$\sqrt{2} +\sqrt[3]{2}$ is irrational 
Prove that $\sqrt{2} +\sqrt[3]{2}$ is irrational.

My attempt: Suppose $\sqrt{2} +\sqrt[3]{2}$  is rational then $\exists$ $x\in \mathbb{Q}$ such that $$\sqrt{2} +\sqrt[3]{2}=x$$ Rewriting the above equation as $$x-\sqrt{2}=\sqrt[3]{2}$$ cubing the above equation gives us $$x^3-3x^2\sqrt{2}+6x-2\sqrt{2}=2$$ This implies that $$\sqrt{2}=\frac{x^3+6x-2}{3x^2+2}\in\mathbb{Q}$$ but this is absurd . Therefore ,$\sqrt{2} +\sqrt[3]{2}$  is irrational. Does this look good ?  Can this be done any other way.
This question is from chapter 2 of Spivak's Calculus.  In there he's given a hint which says "start by working with the 6th power " of this expression.. I don't see how that helps . Can you show me how it can be done using the hint the Author has provided ? Thank you
 A: You've got the right idea, but there are two (small) problems:


*

*the equation $$x^3-3x^2\sqrt{2}+6x+2\sqrt{2}=2$$ is wrong, the last sign on the left should be $-$, as in $(-1)^3=-1$.

*you should explain why it is possible to divide by $3x^2-2$. In fact, once you fix the first point I mentioned, it's going to be $3x^2+2$ and it's going to be much easier.
A: The OP shows great ingenuity with their (now fixed up) answer.
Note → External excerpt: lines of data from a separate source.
lemma acyclic_parent_edges: "acyclic_graph ((\<lambda>x. {x, parent x}) ` (V - {root}))"
  unfolding acyclic_graph_def
proof
  let ?E = "(\<lambda>x. {x, parent x}) ` (V - {root})"
  assume "\<exists>cs. is_cycle ?E cs"
  then obtain cs where cyc: "is_cycle ?E cs" by blast
  define n where "n = length cs"
  define succ where "succ = (\<lambda>i. if Suc i < n then Suc i else 0)"
  have n3: "n \<ge> 3" and dist: "distinct cs" using cyc by (auto simp: is_cycle_def n_def)
  have adj_next: "adj ?E (cs ! i) (cs ! succ i)" if "i < n" for i
  proof (cases "Suc i < n")
    case False
    then have "i = n - 1" "cs \<noteq> []" using that n3 by (auto simp: n_def)
    then show ?thesis using cyc False by (simp add: is_cycle_def succ_def n_def last_conv_nth hd_conv_nth)
  qed (use cyc in \<open>simp add: is_cycle_def succ_def n_def\<close>)
  \<comment> \<open>both cycle neighbours of a highest vertex must be its parent\<close>
  have "Max ((\<lambda>j. height (cs ! j)) ` {..<n}) \<in> (\<lambda>j. height (cs ! j)) ` {..<n}"
    using n3 by (intro Max_in) (auto simp: lessThan_empty_iff)
  then obtain i where "i < n" "height (cs ! i) = Max ((\<lambda>j. height (cs ! j)) ` {..<n})" by auto
  then have i: "i < n" "\<And>j. j < n \<Longrightarrow> height (cs ! j) \<le> height (cs ! i)"
    by (auto intro!: Max_ge)
  define prev where "prev = (if i = 0 then n - 1 else i - 1)"
  have prev: "prev < n" "succ prev = i" using i n3 by (auto simp: prev_def succ_def)
  have "succ i < n" using n3 by (simp add: succ_def)
  then have "cs ! succ i = parent (cs ! i)"
    using adj_parent_edges_lower adj_next[OF i(1)] i(2) by blast
  moreover have "cs ! prev = parent (cs ! i)"
    using adj_parent_edges_lower adj_next[OF prev(1)] i(2)[OF prev(1)] prev(2)
    by (metis adj_def insert_commute)
  ultimately have "succ i = prev"
    using nth_eq_iff_index_eq[OF dist, of "succ i" prev] \<open>succ i < n\<close> prev(1) by (simp add: n_def)
  then show False using i n3 by (auto simp: succ_def prev_def split: if_splits)
qed

lemma is_tree_parent_edges:
  assumes "finite V" "root \<in> V"
  shows "is_tree V ((\<lambda>x. {x, parent x}) ` (V - {root}))"
proof -
  let ?E = "(\<lambda>x. {x, parent x}) ` (V - {root})"
  have "card {x, parent x} = 2" if "x \<in> V" "x \<noteq> root" for x
    using parent[OF that] by (cases "parent x = x") auto
  then have "simple_graph V ?E" using assms(1) parent by (auto simp: simple_graph_def)
  moreover have to_root: "(adj ?E)\<^sup>*\<^sup>* x root" if "x \<in> V" for x
    using that
  proof (induction "height x" arbitrary: x rule: less_induct)
    case less
    show ?case
    proof (cases "x = root")
      case False
      then have "adj ?E x (parent x)" using less.prems by (auto simp: adj_def)
      then show ?thesis
        using less.hyps parent[OF less.prems False] by (meson converse_rtranclp_into_rtranclp)
    qed simp
  qed
  have "symp (adj ?E)" by (auto intro: sympI simp: adj_def insert_commute)
  then have "connected_graph V ?E"
    using assms(2) to_root by (auto simp: connected_graph_def intro: rtranclp_trans symp_rtranclp[THEN sympD])
  ultimately show ?thesis using acyclic_parent_edges by (simp add: is_tree_def)
qed

end

section \<open>Phases and ranks\<close>

locale ranked_edges =
  fixes E :: "'a set set" and rank :: "'a \<Rightarrow> nat" and L :: nat
  assumes finite_E: "finite E" and card_edge: "\<And>e. e \<in> E \<Longrightarrow> card e = 2" and L_pos: "0 < L"
begin

definition phase_end :: "nat \<Rightarrow> nat" where
  "phase_end k = k * card E div L"

definition down_arrivals :: "'a set list \<Rightarrow> 'a \<Rightarrow> nat set" where
  "down_arrivals es v = {i. phase_end (rank v - 1) \<le> i \<and> i < phase_end (rank v) \<and>
     (\<exists>c. es ! i = {v, c} \<and> c \<noteq> v \<and> rank c = rank v - 1)}"

lemma phase_end_mono: "k \<le> k' \<Longrightarrow> phase_end k \<le> phase_end k'"
  unfolding phase_end_def by (intro div_le_mono mult_right_mono) auto

lemma phase_end_L: "phase_end L = card E"
  using L_pos by (simp add: phase_end_def)

lemma phase_end_le: "k \<le> L \<Longrightarrow> phase_end k \<le> card E"
  using phase_end_mono phase_end_L by metis

lemma phase_length_ge: "1 \<le> k \<Longrightarrow> card E div L \<le> phase_end k - phase_end (k - 1)"
proof -
  assume "1 \<le> k"
  then have "phase_end k = ((k - 1) * card E + card E) div L"
    by (cases k) (simp_all add: phase_end_def algebra_simps)
  moreover have "(k - 1) * card E div L + card E div L \<le> ((k - 1) * card E + card E) div L"
    by (subst div_add1_eq) simp
  ultimately show ?thesis by (simp add: phase_end_def)
qed

lemma rank_le_loads:
  assumes greedy: "\<forall>i<length es. xs ! i \<in> least_loaded (es ! i) (loads (\<lambda>_. 0) xs i)"
    and len: "length xs = length es" "length es = card E"
    and enough: "\<And>u. 1 \<le> rank u \<Longrightarrow> rank u \<le> L \<Longrightarrow> rank u - 1 + r \<le> card (down_arrivals es u)"
    and not_lost: "\<And>u. 1 \<le> rank u \<Longrightarrow> rank u \<le> L \<Longrightarrow>
      xs \<notin> loses_ties (\<lambda>_. 0) es u (down_arrivals es u) r"
    and "rank v \<le> L"
  shows "rank v \<le> loads (\<lambda>_. 0) xs (phase_end (rank v)) v"
proof -
  have "\<forall>v. rank v = k \<longrightarrow> k \<le> L \<longrightarrow> k \<le> loads (\<lambda>_. 0) xs (phase_end k) v" for k
  proof (induction k)
    case (Suc k)
    show ?case
    proof (intro allI impI)
      fix v assume v: "rank v = Suc k" "Suc k \<le> L"
      show "Suc k \<le> loads (\<lambda>_. 0) xs (phase_end (Suc k)) v"
      proof (rule phase_gain[OF greedy len(1)])
        show "phase_end (Suc k) \<le> length es" using phase_end_le v len by simp
        show "k + r \<le> card (down_arrivals es v)" using enough[of v] v by simp
        show "xs \<notin> loses_ties (\<lambda>_. 0) es v (down_arrivals es v) r" using not_lost[of v] v by simp
        fix i assume "i \<in> down_arrivals es v"
        then show "phase_end k \<le> i \<and> i < phase_end (Suc k) \<and>
            (\<exists>c. es ! i = {v, c} \<and> c \<noteq> v \<and> k \<le> loads (\<lambda>_. 0) xs (phase_end k) c)"
          using Suc.IH v by (auto simp: down_arrivals_def)
      qed
    qed
  qed simp
  then show ?thesis using assms(6) by simp
qed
You can also go with Spivak's hint:

From Spivak's Exercise 18.a we know that if $u$ satisfies
$\tag 1 u^n + a_{n-1}u^{n-1} + \dots + a_0 = 0$
for integers $a_{n-1}, \dots, a_0$, then $u$ is either irrational or an integer.
Let
$\quad u = 2^{\frac{2}{6}} + 2^{\frac{3}{6}}$
It can be show that $u$ isn't an integer (see next section).
Moreover, it can be shown (by solving a system of linear equations) that
$\tag 2 u^6 -6u^4-4u^3+12u^2 -24u - 4 = 0$

Since
$\quad \sqrt{2} \lt \frac{3}{2}$
$\quad \sqrt[3]{2} \lt \frac{4}{3}$
we can write
$\quad \sqrt{2} + \sqrt[3]{2} \lt \frac{3}{2} + \frac{4}{3} \lt 3$
Since
$\quad \sqrt{2} \gt \frac{5}{4}$
$\quad \sqrt[3]{2} \gt \frac{5}{4}$
we can write
$\quad \sqrt{2} + \sqrt[3]{2} \gt \frac{5}{4} + \frac{5}{4} \gt 2$
So $\sqrt{2} + \sqrt[3]{2}$ can't be an integer.
A: We can use field theory to conclude that the degree
$$
[\Bbb Q(\sqrt{2}+\sqrt[3]{2}):\Bbb Q]=6>1.
$$
The minimal polynomial of $\sqrt{2}+\sqrt[3]{2}$ is $x^6-6x^4-4x^3+12x^2-24x-4=0,$ see the first link.
References:
Finding the minimal polynomial of $\sqrt 2 + \sqrt[3] 2$ over $\mathbb Q$.
Finding a basis for the field extension $\mathbb{Q}(\sqrt{2}+\sqrt[3]{4})$
The first reference shows in a very elementary way that $\sqrt{2}\in \Bbb Q(\sqrt{2}+\sqrt[3]{2})$. Hence $\sqrt{2}+\sqrt[3]{2}$ is irrational.